Exercise aim => Show each line of the records in which the word "imports" occurs.

Supplied entries =>
(* Let $L/K$ be a Galois extension of number fields and let $A/L$ be an isotypic abelian variety (isogenous to $B^n$ for a simple $B$) which is a $K$-variety. Let $D=\End(A_L)\otimes_{\mathbb{Z}}\mathbb{Q}$ with center the field $E$, let $\psi:\Gal(L/K)\to\Aut(E)$ be the group homomorphism given by the action $\sigma.\varphi=\mu_\sigma\,{}^\sigma\varphi\,\mu_\sigma^{-1}$, let $G_0=\ker\psi$ and let $E_0\subseteq E$ be the subfield fixed by this action of $\Gal(L/K)$. Then $E/E_0$ is Galois, $G_0$ is a normal subgroup of $\Gal(L/K)$, and there is an isomorphism $\Gal(L/K)/G_0\simeq\Gal(E/E_0)$. Moreover, this isomorphism induces an order-reversing bijection between subgroups $H$ of $\Gal(L/K)$ containing $G_0$ and subextensions of $E/E_0$, given by $H\mapsto E^H=\{\varphi\in E:\ \mu_\sigma\,{}^\sigma\varphi=\varphi\,\mu_\sigma\ \forall\sigma\in H\}$.
   Context: $A/L$ is a $K$-variety if for each $\sigma\in\Gal(L/K)$ there is an isogeny $\mu_\sigma:{}^\sigma A\to A$ from the Galois conjugate ${}^\sigma A$; ${}^\sigma\varphi$ is the morphism obtained by applying $\sigma$ to the coefficients of $\varphi$, and $\mu_\sigma^{-1}$ is the inverse in $\mathrm{Hom}(A,{}^\sigma A)\otimes\mathbb{Q}$. The element $\mu_\sigma\,{}^\sigma\varphi\,\mu_\sigma^{-1}$ lies in $E$ for $\varphi\in E$, is independent of the choice of $\mu_\sigma$, and $(\sigma,\varphi)\mapsto\mu_\sigma\,{}^\sigma\varphi\,\mu_\sigma^{-1}$ is an action of $\Gal(L/K)$ on $E$ by field automorphisms. *)

theory Defs
  imports "HOL-Algebra.Algebra"
begin

definition aut_group :: "('e, 'm) ring_scheme \<Rightarrow> ('e \<Rightarrow> 'e) monoid" where
  "aut_group E = \<lparr> carrier = {f. f \<in> ring_iso E E \<and> f \<in> extensional (carrier E)},
                   Group.monoid.mult = (\<lambda>f g. compose (carrier E) f g),
                   Group.monoid.one = restrict id (carrier E) \<rparr>"

definition gal_group :: "('e, 'm) ring_scheme \<Rightarrow> 'e set \<Rightarrow> ('e \<Rightarrow> 'e) monoid" where
  "gal_group E F = (aut_group E) \<lparr> carrier := {f \<in> carrier (aut_group E). \<forall>x\<in>F. f x = x} \<rparr>"

text \<open>Galois extension (finite case, Dummit--Foote definition): F is a subfield of E,
  E has finite degree over F, and |Aut(E/F)| = [E:F].\<close>
definition galois_ext :: "('e, 'm) ring_scheme \<Rightarrow> 'e set \<Rightarrow> bool" where
  "galois_ext E F \<longleftrightarrow> subfield F E \<and> ring.finite_dimension E F (carrier E)
     \<and> card (carrier (gal_group E F)) = ring.dim E F (carrier E)"

text \<open>Number field: field of characteristic 0, finite-dimensional over its prime field.\<close>
definition number_field :: "('e, 'm) ring_scheme \<Rightarrow> bool" where
  "number_field E \<longleftrightarrow> field E \<and> (\<forall>n::nat. n > 0 \<longrightarrow> [n] \<cdot>\<^bsub>E\<^esub> \<one>\<^bsub>E\<^esub> \<noteq> \<zero>\<^bsub>E\<^esub>)
     \<and> ring.finite_dimension E (generate_field E {}) (carrier E)"

definition fixed_field :: "('e, 'm) ring_scheme \<Rightarrow> ('g \<Rightarrow> 'e \<Rightarrow> 'e) \<Rightarrow> 'g set \<Rightarrow> 'e set" where
  "fixed_field E psi H = {x \<in> carrier E. \<forall>\<sigma>\<in>H. psi \<sigma> x = x}"

end

(*
  The maps psi(g) form a finite subgroup Gamma of Aut(E), and the theorem is Artin's theorem
  for Gamma together with its Galois correspondence. Dedekind's lemma (distinct characters are
  linearly independent) shows that a field F of dimension n over K has at most n embeddings
  over K, so |Gal(E/K)| <= [E:K]. Artin's argument with a linear relation of minimal support
  among the vectors (g u_j), g in Gamma, shows [E:E^Gamma] <= |Gamma|. Hence [E:E^Gamma] = |Gamma|
  and Gal(E/E^Gamma) = Gamma, which makes G/ker psi isomorphic to Gal(E/E0).
  Subgroups H containing ker psi correspond to the subgroups psi(H) of Gamma, on which
  Delta |-> E^Delta is injective and order reversing because Gal(E/E^Delta) = Delta.
  An intermediate field F equals E^Delta for Delta = Gal(E/F): restriction to F sends Gamma to
  at most [F:E0] embeddings, with the cosets of Delta as fibres, so [E:F] <= |Delta| = [E:E^Delta],
  while F is contained in E^Delta.
*)

theory Submission
  imports Defs
begin

section \<open>Automorphism groups\<close>

lemma (in ring) ring_iso_cong:
  "f \<in> ring_iso R S \<Longrightarrow> (\<And>x. x \<in> carrier R \<Longrightarrow> f x = g x) \<Longrightarrow> g \<in> ring_iso R S"
  unfolding ring_iso_def ring_hom_def bij_betw_def
  by (auto simp: inj_on_def image_def Pi_def)

lemma carrier_aut_group:
  "carrier (aut_group R) = {f. f \<in> ring_iso R R \<and> f \<in> extensional (carrier R)}"
  by (simp add: aut_group_def)

lemma mult_aut_group: "f \<otimes>\<^bsub>aut_group R\<^esub> g = compose (carrier R) f g"
  by (simp add: aut_group_def)

lemma one_aut_group: "\<one>\<^bsub>aut_group R\<^esub> = restrict id (carrier R)"
  by (simp add: aut_group_def)

lemma aut_group_closed: "f \<in> carrier (aut_group R) \<Longrightarrow> x \<in> carrier R \<Longrightarrow> f x \<in> carrier R"
  by (auto simp: carrier_aut_group ring_iso_def dest: ring_hom_closed)

lemma (in ring) group_aut_group: "group (aut_group R)"
proof (rule groupI)
  fix f g h
  assume f: "f \<in> carrier (aut_group R)" and g: "g \<in> carrier (aut_group R)"
    and h: "h \<in> carrier (aut_group R)"
  show "f \<otimes>\<^bsub>aut_group R\<^esub> g \<in> carrier (aut_group R)"
    using f g ring_iso_set_trans[of g R R f R]
    by (auto simp: carrier_aut_group mult_aut_group compose_eq intro: ring_iso_cong)
  show "f \<otimes>\<^bsub>aut_group R\<^esub> g \<otimes>\<^bsub>aut_group R\<^esub> h =
        f \<otimes>\<^bsub>aut_group R\<^esub> (g \<otimes>\<^bsub>aut_group R\<^esub> h)"
    using aut_group_closed[OF h] by (simp add: mult_aut_group compose_assoc[symmetric] Pi_iff)
  show "\<one>\<^bsub>aut_group R\<^esub> \<otimes>\<^bsub>aut_group R\<^esub> f = f"
    using f aut_group_closed[OF f]
    by (intro extensionalityI[of _ "carrier R"])
       (auto simp: carrier_aut_group mult_aut_group one_aut_group compose_eq)
  have "bij_betw f (carrier R) (carrier R)"
    using f by (simp add: carrier_aut_group ring_iso_def)
  then show "\<exists>f'\<in>carrier (aut_group R). f' \<otimes>\<^bsub>aut_group R\<^esub> f = \<one>\<^bsub>aut_group R\<^esub>"
    using f ring_iso_set_sym[OF ring_axioms, of f R]
    by (intro bexI[of _ "restrict (inv_into (carrier R) f) (carrier R)"])
       (auto simp: carrier_aut_group mult_aut_group one_aut_group compose_inv_into_id
         intro: ring_iso_cong)
next
  show "\<one>\<^bsub>aut_group R\<^esub> \<in> carrier (aut_group R)"
    using ring_iso_set_refl[of R]
    by (auto simp: carrier_aut_group one_aut_group intro: ring_iso_cong)
qed
lemma edge_col_iff_coord:
  assumes "u \<in> V" "v \<in> V"
  shows "{u, v} \<in> E \<and> col {u, v} = i \<longleftrightarrow> i \<in> {1..N} \<and> coord v = toggle i (coord u)"
proof
  assume e: "{u, v} \<in> E \<and> col {u, v} = i"
  then have i: "i \<in> {1..N}" using col_edge by blast
  have "v = nbr i (walk (coord u) base)" using nbr_eqI[OF assms(1) i] e walk_coord[OF assms(1)] by simp
  then have "v = walk (toggle i (coord u)) base" using walk_toggle[OF coord_subset[OF assms(1)] i base_in_V] by simp
  then show "i \<in> {1..N} \<and> coord v = toggle i (coord u)"
    using coord_walk[OF toggle_subset[OF coord_subset[OF assms(1)] i]] i by simp
next
  assume i: "i \<in> {1..N} \<and> coord v = toggle i (coord u)"
  then have "v = nbr i u"
    using walk_toggle[OF coord_subset[OF assms(1)] _ base_in_V] walk_coord assms by metis
  then show "{u, v} \<in> E \<and> col {u, v} = i" using nbr_edge assms(1) i by blast
qed

end

definition cube_cocycle :: "nat \<Rightarrow> (nat set \<Rightarrow> nat \<Rightarrow> bool) \<Rightarrow> bool" where
  "cube_cocycle N D \<longleftrightarrow> (\<forall>T i j. T \<subseteq> {1..N} \<longrightarrow> i \<in> {1..N} \<longrightarrow> j \<in> {1..N} \<longrightarrow> i \<notin> T \<longrightarrow> j \<notin> T
     \<longrightarrow> (D T i \<noteq> D (insert i T) j) = (D T j \<noteq> D (insert j T) i))"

Response =>
  imports "HOL-Algebra.Algebra"
  imports Defs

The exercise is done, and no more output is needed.